June 5, 2012 in City

Venus making transit past sun

Clouds apt to block rare pass across face
By The Spokesman-Review
 
Rajesh Kumar Singh/Associated Press photo

Indian children use cardboard eclipse glasses as they prepare to watch the transit of Venus in Allahabad, India, Tuesday, June 5, 2012. Stargazers around the world are setting up special telescopes and passing out cardboard eclipse glasses to view the once-in-a-lifetime celestial cameo of Venus passing in front of the sun. Venus is Earth’s second-closest neighboring planet.
(Full-size photo)

Map of this story's location

Venus is going to move across the face of the sun this afternoon in a rare celestial event, but the weather may not cooperate.

Forecasters are calling for a 90 percent chance of clouds when the transit of Venus begins at 3:09 p.m.

The skies are likely to stay cloudy and could bring rain showers throughout the event, which lasts until sunset in this region.

The next transit of Venus won’t happen until 2117.

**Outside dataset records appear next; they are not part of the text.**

lemma op_times_unit_weight_cases:
  assumes p: "p \<in> set (leaf_paths T)" and special: "\<not> (weight_at T p \<noteq> 1 \<or> p = [] \<or> last p = DL)"
  obtains b d r a1 b1 c1 where "p = b @ d # r" and "d \<noteq> DL" and "subtree T b = Node a1 b1 c1"
    and "op_times T p = replace_at b a1 T"
    and "\<forall>q e q'. r = q @ e # q' \<longrightarrow>
           e \<noteq> DL \<and> total_weight (subtree (subtree T (b @ [d])) (q @ [DL])) = 0"
proof -
  define k where "k = (GREATEST k. k < length p \<and> anc_ok T (take k p))"
  have "0 < length p \<and> anc_ok T (take 0 p)" using special by (simp add: anc_ok_def)
  then have kp: "k < length p"
    unfolding k_def by (rule GreatestI_nat[where b="length p", THEN conjunct1]) auto
  have kmax: "\<not> anc_ok T (take j p)" if "k < j" "j < length p" for j
    using that Greatest_le_nat[of "\<lambda>k. k < length p \<and> anc_ok T (take k p)" j "length p"]
    unfolding k_def by auto
  define b where "b = take k p"
  define d where "d = p ! k"
  define r where "r = drop (Suc k) p"
  have pdec: "p = b @ d # r" and lb: "length b = k"
    unfolding b_def d_def r_def using kp by (simp_all add: Cons_nth_drop_Suc)
  have last_r: "last (d # r) \<noteq> DL" using special pdec by simp
  have not_anc: "\<not> anc_ok T (b @ d # q)" if "r = q @ q'" "q' \<noteq> []" for q q'
    using kmax[of "Suc (k + length q)"] pdec lb that by simp
  obtain a1 b1 c1 where U: "subtree T b = Node a1 b1 c1"
    using leaf_paths_Cons_Node[OF leaf_paths_subtree] p pdec by metis
  have "d \<noteq> DL"
    using not_anc[of "[]" r] last_r by (cases r) (auto simp: anc_ok_def)
  moreover have "op_times T p = replace_at b a1 T"
    using special U unfolding op_times_def Let_def k_def[symmetric] b_def
    by (simp add: subtree_append)
  moreover have "e \<noteq> DL \<and> total_weight (subtree (subtree T (b @ [d])) (q @ [DL])) = 0"
    if "r = q @ e # q'" for q e q'
  proof
    show "total_weight (subtree (subtree T (b @ [d])) (q @ [DL])) = 0"
      using not_anc[of q "e # q'"] that by (simp add: anc_ok_def flip: subtree_append)
    show "e \<noteq> DL"
      using not_anc[of "q @ [e]" q'] last_r that by (cases q') (auto simp: anc_ok_def)
  qed
  ultimately show ?thesis using that pdec U by blast
qed

lemma op_circ_cases:
  assumes p: "p \<in> set (leaf_paths T)"
  obtains (cemetery) "op_circ T p = None" and "\<forall>e\<in>set p. e = DL"
  | (merge) par d r a1 b1 c1 where "p = par @ d # r" and "d \<noteq> DL" and "\<forall>e\<in>set r. e = DL"
      and "subtree T par = Node a1 b1 c1"
      and "op_circ T p = Some (replace_at par (graft a1 (if d = DM then c1 else b1)) T)"
proof -
  define k where "k = (GREATEST k. k \<le> length p \<and> (k = 0 \<or> last (take k p) \<noteq> DL))"
  have kp: "k \<le> length p \<and> (k = 0 \<or> last (take k p) \<noteq> DL)"
    unfolding k_def by (rule GreatestI_nat[of _ 0]) auto
  have kmax: "last (take j p) = DL" if "k < j" "j \<le> length p" for j
  proof (rule ccontr)
    assume "last (take j p) \<noteq> DL"
    then have "j \<le> k" unfolding k_def using that(2) by (intro Greatest_le_nat) auto
    then show False using that by simp
  qed
  have rest_DL: "\<forall>e\<in>set (drop k p). e = DL"
  proof
    fix e assume "e \<in> set (drop k p)"
    then obtain i where i: "i < length (drop k p)" "drop k p ! i = e"
      by (auto simp: in_set_conv_nth)
    have "last (take (Suc (k + i)) p) = DL" using kmax[of "Suc (k + i)"] i by simp
    then show "e = DL" using i by (simp add: take_Suc_conv_app_nth)
  qed
  show ?thesis
  proof (cases "k = 0")
    case True
    then show ?thesis using cemetery rest_DL unfolding op_circ_def Let_def k_def[symmetric] by simp
  next
    case False
    define par where "par = take (k - 1) p"
    define d where "d = p ! (k - 1)"
    define r where "r = drop k p"
    have k1: "k - 1 < length p" "Suc (k - 1) = k" using kp False by auto
    have pdec: "p = par @ d # r" unfolding par_def d_def r_def
      using id_take_nth_drop[OF k1(1)] k1(2) by simp
    have "take k p = par @ [d]" unfolding par_def d_def
      using take_Suc_conv_app_nth[OF k1(1)] k1(2) by simp
    then have "d \<noteq> DL" using kp False by simp
    obtain a1 b1 c1 where U: "subtree T par = Node a1 b1 c1"
      using leaf_paths_Cons_Node[OF leaf_paths_subtree] p pdec by metis
    have "op_circ T p = Some (replace_at par (graft a1 (if d = DM then c1 else b1)) T)"
      using False U unfolding op_circ_def Let_def k_def[symmetric] par_def d_def
      by (simp add: subtree_append)
    then show ?thesis using merge pdec \<open>d \<noteq> DL\<close> rest_DL U r_def by blast
  qed
qed

lemma H_rec_op_bin: "H_rec (op_bin T p) y = H_subst T p (y ^ (weight_at T p + 1)) y"
  by (simp add: op_bin_def H_rec_replace_at)

lemma H_rec_op_ter: "H_rec (op_ter T p) y = H_subst T p (y ^ weight_at T p * prob_or y y) y"
  by (simp add: op_ter_def H_rec_replace_at)

text \<open>In the pruning case of op_times the leaf has weight 1, so the claim is that the subtree at
  b_l takes the value of its left child once the leaf is set to 1. Indeed, every vertex on the
  path strictly below b_l has a weightless left child and continues to a middle or right child,
  so it has value 1 by induction from the leaf.\<close>
lemma H_rec_op_times:
  assumes p: "p \<in> set (leaf_paths T)"
  shows "H_rec (op_times T p) y = H_subst T p (y ^ (weight_at T p - 1)) y"
proof (cases "weight_at T p \<noteq> 1 \<or> p = [] \<or> last p = DL")
  case True then show ?thesis by (simp add: op_times_def H_rec_replace_at Let_def)
next
  case False
  then obtain b d r a1 b1 c1 where pdec: "p = b @ d # r" and d: "d \<noteq> DL"
    and U: "subtree T b = Node a1 b1 c1" and opt: "op_times T p = replace_at b a1 T"
    and r: "\<forall>q e q'. r = q @ e # q' \<longrightarrow>
           e \<noteq> DL \<and> total_weight (subtree (subtree T (b @ [d])) (q @ [DL])) = 0"
    by (rule op_times_unit_weight_cases[OF p])
  have "r \<in> set (leaf_paths (subtree T (b @ [d])))"
    using p pdec leaf_paths_subtree[of "b @ [d]" r T] by simp
  then have "H_subst (subtree T (b @ [d])) r 1 y = 1"
    using H_subst_weightless_left_siblings_1 r by blast
  then have "H_subst (subtree T b) (d # r) 1 y = H_rec a1 y"
    using U d by (cases d) (auto simp: prob_or_def subtree_append)
  then show ?thesis
    using False pdec opt by (simp add: H_rec_replace_at H_subst_append)
qed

An eclipse of the sun on May 20 was hampered by clouds across the region, although some viewers locally reported seeing part of the eclipse when the skies parted slightly.

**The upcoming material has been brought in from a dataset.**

(* Let $\mathbb{X}$ be a real Banach space such that $\operatorname{Sm}\mathbb{X}$ is a dense $G_\delta$ subset of $\mathbb{X}$, and let $T:\mathbb{X}\to\mathbb{X}$ be a non-zero bounded linear operator. The following are equivalent: (i) $T$ preserves Birkhoff–James orthogonality at each point of $\operatorname{Sm}\mathbb{X}$; (ii) $T$ preserves Birkhoff–James orthogonality at each point of some dense subset $U$ of $\mathbb{X}$; (iii) $T$ preserves Birkhoff–James orthogonality at each point of some hyperplane $H$ not passing through the origin; (iv) $T$ preserves $\rho_+$-orthogonality at each point of $\operatorname{Sm}\mathbb{X}$; (v) $T$ preserves $\rho_-$-orthogonality at each point of $\operatorname{Sm}\mathbb{X}$; (vi) $T$ preserves $\rho$-orthogonality at each point of $\operatorname{Sm}\mathbb{X}$; (vii) $T$ is a scalar multiple of an isometry.
   Context: $u\perp_B v$ means $\|u+\lambda v\|\ge\|u\|$ for all real $\lambda$; $T$ preserves Birkhoff–James orthogonality at $x$ if $x\perp_B v\Rightarrow Tx\perp_B Tv$ for all $v$. Norm derivatives: $\rho'_\pm(u,v)=\|u\|\lim_{t\to0^\pm}\frac{\|u+tv\|-\|u\|}{t}$ and $\rho'(u,v)=\frac12(\rho'_+(u,v)+\rho'_-(u,v))$. $u\perp_{\rho_\pm}v$ iff $\rho'_\pm(u,v)=0$, and $u\perp_\rho v$ iff $\rho'(u,v)=0$. $T$ preserves $\rho_\pm$- (resp. $\rho$-) orthogonality at $x$ if $x\perp_{\rho_\pm}v\Rightarrow Tx\perp_{\rho_\pm}Tv$ (resp. with $\rho$) for all $v$. For non-zero $z$, $J(z)=\{f\in\mathbb{X}^*:\|f\|=1,\ f(z)=\|z\|\}$; $z$ is smooth if $J(z)$ is a singleton; $\operatorname{Sm}\mathbb{X}$ is the set of smooth points. A hyperplane not passing through the origin is $\{x:\varphi(x)=c\}$ with $\varphi$ a non-zero bounded linear functional and $c\ne0$. Scalar multiple of an isometry: $\|Tx\|=\lambda\|x\|$ for all $x$, for a constant $\lambda$. *)

theory Defs
  imports "HOL-Analysis.Analysis"
begin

Members of the Spokane Astronomical Society are keeping their fingers crossed. They are setting up three public viewing locations – two in north Spokane and one at a private residence in the north part of Spokane County.

The society and its members have telescopes and viewing glasses that allow people to safely look directly at the sun.

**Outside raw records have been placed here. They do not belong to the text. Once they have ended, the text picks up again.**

lemma closest_point_eqI:
  fixes S :: "'a::euclidean_space set"
  assumes "convex S" "closed S" "x \<in> S" "\<And>z. z \<in> S \<Longrightarrow> (a - x) \<bullet> (z - x) \<le> 0"
  shows "closest_point S a = x"
proof -
  have "dist a x \<le> dist a z" if z: "z \<in> S" for z
  proof -
    have "(norm (a - z))\<^sup>2 = (norm (a - x))\<^sup>2 - 2 * ((a - x) \<bullet> (z - x)) + (norm (z - x))\<^sup>2"
      by (simp add: power2_norm_eq_inner inner_diff_left inner_diff_right inner_commute)
    then have "(norm (a - x))\<^sup>2 \<le> (norm (a - z))\<^sup>2"
      using assms(4)[OF z] by (smt (verit) zero_le_power2)
    then show ?thesis
      by (simp add: dist_norm)
  qed
  then show ?thesis
    using closest_point_unique[OF assms(1-3)] by simp
qed

lemma closest_point_on_ray:
  fixes S :: "'a::euclidean_space set"
  assumes "convex S" "closed S" "S \<noteq> {}" "0 \<le> t"
  shows "closest_point S (closest_point S x + t *\<^sub>R (x - closest_point S x)) = closest_point S x"
proof (rule closest_point_eqI[OF assms(1,2)])
  show "closest_point S x \<in> S"
    using assms by (simp add: closest_point_in_set)
  fix z assume "z \<in> S"
  then have "(x - closest_point S x) \<bullet> (z - closest_point S x) \<le> 0"
    using assms closest_point_dot by blast
  then show "(closest_point S x + t *\<^sub>R (x - closest_point S x) - closest_point S x)
      \<bullet> (z - closest_point S x) \<le> 0"
    using assms(4) by (simp add: mult_nonneg_nonpos)
qed

lemma lipschitz_gradient_upper_bound:
  fixes f :: "'a::euclidean_space \<Rightarrow> real"
  assumes "convex X"
    and f_grad: "\<And>x. x \<in> X \<Longrightarrow> (f has_derivative (\<lambda>h. g x \<bullet> h)) (at x)"
    and g_lip: "\<And>x y. x \<in> X \<Longrightarrow> y \<in> X \<Longrightarrow> norm (g x - g y) \<le> L * norm (x - y)"
    and x: "x \<in> X" and y: "y \<in> X"
  shows "f y \<le> f x + g x \<bullet> (y - x) + L / 2 * (norm (y - x))\<^sup>2"
proof -
  define v where "v = y - x"
  define \<phi> where "\<phi> t = f (x + t *\<^sub>R v) - t * (g x \<bullet> v) - L / 2 * t\<^sup>2 * (norm v)\<^sup>2" for t
  have segX: "x + t *\<^sub>R v \<in> X" if "t \<in> {0..1}" for t
  proof -
    have "x + t *\<^sub>R v = (1 - t) *\<^sub>R x + t *\<^sub>R y"
      by (simp add: v_def algebra_simps)
    then show ?thesis
      using convexD_alt[OF assms(1) x y, of t] that by auto
  qed
  have "\<phi> 1 \<le> \<phi> 0"
  proof (rule deriv_nonpos_imp_antimono[where g = \<phi>
        and g' = "\<lambda>t. g (x + t *\<^sub>R v) \<bullet> v - g x \<bullet> v - L * t * (norm v)\<^sup>2"])
    fix t :: real assume t: "t \<in> {0..1}"
    note line = has_real_derivative_along_line[OF f_grad[OF segX[OF t]]]
    show "(\<phi> has_real_derivative g (x + t *\<^sub>R v) \<bullet> v - g x \<bullet> v - L * t * (norm v)\<^sup>2) (at t)"
      unfolding \<phi>_def by (rule derivative_eq_intros line | simp)+
    have "(g (x + t *\<^sub>R v) - g x) \<bullet> v \<le> norm (g (x + t *\<^sub>R v) - g x) * norm v"
      by (rule norm_cauchy_schwarz)
    also have "\<dots> \<le> L * norm (t *\<^sub>R v) * norm v"
      using g_lip[OF segX[OF t] x] by (intro mult_right_mono) auto
    also have "\<dots> = L * t * (norm v)\<^sup>2"
      using t by (simp add: power2_eq_square)
    finally show "g (x + t *\<^sub>R v) \<bullet> v - g x \<bullet> v - L * t * (norm v)\<^sup>2 \<le> 0"
      by (simp add: inner_diff_left)
  qed simp
  then show ?thesis
    by (simp add: \<phi>_def v_def)
qed

text \<open>\<open>\<psi> t / t - c t\<close> is nondecreasing on \<open>]0, 1]\<close> and bounded below by \<open>-c t\<close>.\<close>

lemma slope_inequality_lower_bound:
  fixes \<psi> \<psi>' :: "real \<Rightarrow> real"
  assumes deriv: "\<And>t. 0 < t \<Longrightarrow> t \<le> 1 \<Longrightarrow> (\<psi> has_real_derivative \<psi>' t) (at t)"
    and nonneg: "\<And>t. 0 < t \<Longrightarrow> t \<le> 1 \<Longrightarrow> 0 \<le> \<psi> t"
    and slope: "\<And>t. 0 < t \<Longrightarrow> t \<le> 1 \<Longrightarrow> \<psi> t + c * t\<^sup>2 \<le> t * \<psi>' t"
  shows "c \<le> \<psi> 1"
proof -
  have mono: "\<psi> s / s - c * s \<le> \<psi> 1 - c" if s: "0 < s" "s \<le> 1" for s
  proof -
    have "\<psi> s / s - c * s \<le> \<psi> 1 / 1 - c * 1"
    proof (rule deriv_nonneg_imp_mono[where g = "\<lambda>t. \<psi> t / t - c * t"
          and g' = "\<lambda>t. \<psi>' t / t - \<psi> t / t\<^sup>2 - c"])
      fix t assume "t \<in> {s..1}"
      then have t: "0 < t" "t \<le> 1" using s by auto
      show "((\<lambda>t. \<psi> t / t - c * t) has_real_derivative \<psi>' t / t - \<psi> t / t\<^sup>2 - c) (at t)"
        using t by (auto intro!: derivative_eq_intros deriv simp: field_simps power2_eq_square)
      have "\<psi>' t / t - \<psi> t / t\<^sup>2 - c = (t * \<psi>' t - (\<psi> t + c * t\<^sup>2)) / t\<^sup>2"
        using t by (simp add: field_simps power2_eq_square)
      then show "0 \<le> \<psi>' t / t - \<psi> t / t\<^sup>2 - c"
        using slope[OF t] by simp
    qed (use s in auto)
    then show ?thesis by simp
  qed
  show ?thesis
  proof (cases "c \<le> 0")
    case True
    then show ?thesis using nonneg[of 1] by simp
  next
    case False
    show ?thesis
    proof (rule field_le_epsilon)
      fix e :: real assume e: "0 < e"
      define s where "s = min 1 (e / c)"
      have s: "0 < s" "s \<le> 1" and "c * s \<le> e"
        using False e by (auto simp: s_def min_def field_simps)
      moreover have "0 \<le> \<psi> s / s"
        using nonneg[OF s] s by simp
      ultimately show "c \<le> \<psi> 1 + e"
        using mono[OF s] by linarith
    qed
  qed
qed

Venus will appear as a small dark spot moving slowly across the face of the sun as part of its normal planetary orbit. The transit will take six hours and 40 minutes, ending after the sun has set in Eastern Washington and North Idaho.

The midpoint of the transit, known as greatest transit, occurs at 6:29 p.m.

A similar transit in 2004 was not visible in Spokane.

The orbit of Venus is inclined 3.4 degrees with respect to the Earth. The transit occurs when Venus crosses the plane of Earth’s orbit at the same time that Venus passes inferior conjunction, the point that marks Venus’ closest pass of the sun from the perspective of Earth.

Transits of Venus are so rare that astronomers believe this event will be only the seventh time humans have viewed the passage through telescopes, starting in 1639, according to the astronomical society.

The transits of Venus follow a predictable cycle that lasts 243 years.

This transit is the second in the past eight years. Venus won’t cross the face of the sun for 105.5 years.

After that, a pair of transits will occur eight and 16 years later, to be followed by a period of 121.5 years before another transit.

Astronomical society members will be set up at the east parking lot of River Day School, 116 W. Indiana Ave., and the south end of Franklin Park along Queen Avenue west of Division Street.

In addition, society member Coy Fullen is opening his observatory to the public. He lives at 24006 N. Rose Meadow Lane in the Colbert area.

To get there, take U.S. Highway 395 north toward Deer Park and turn left on Wild Rose Road. Go about a half mile to Rose Meadow Lane and turn right. Fullen’s residence is on the right.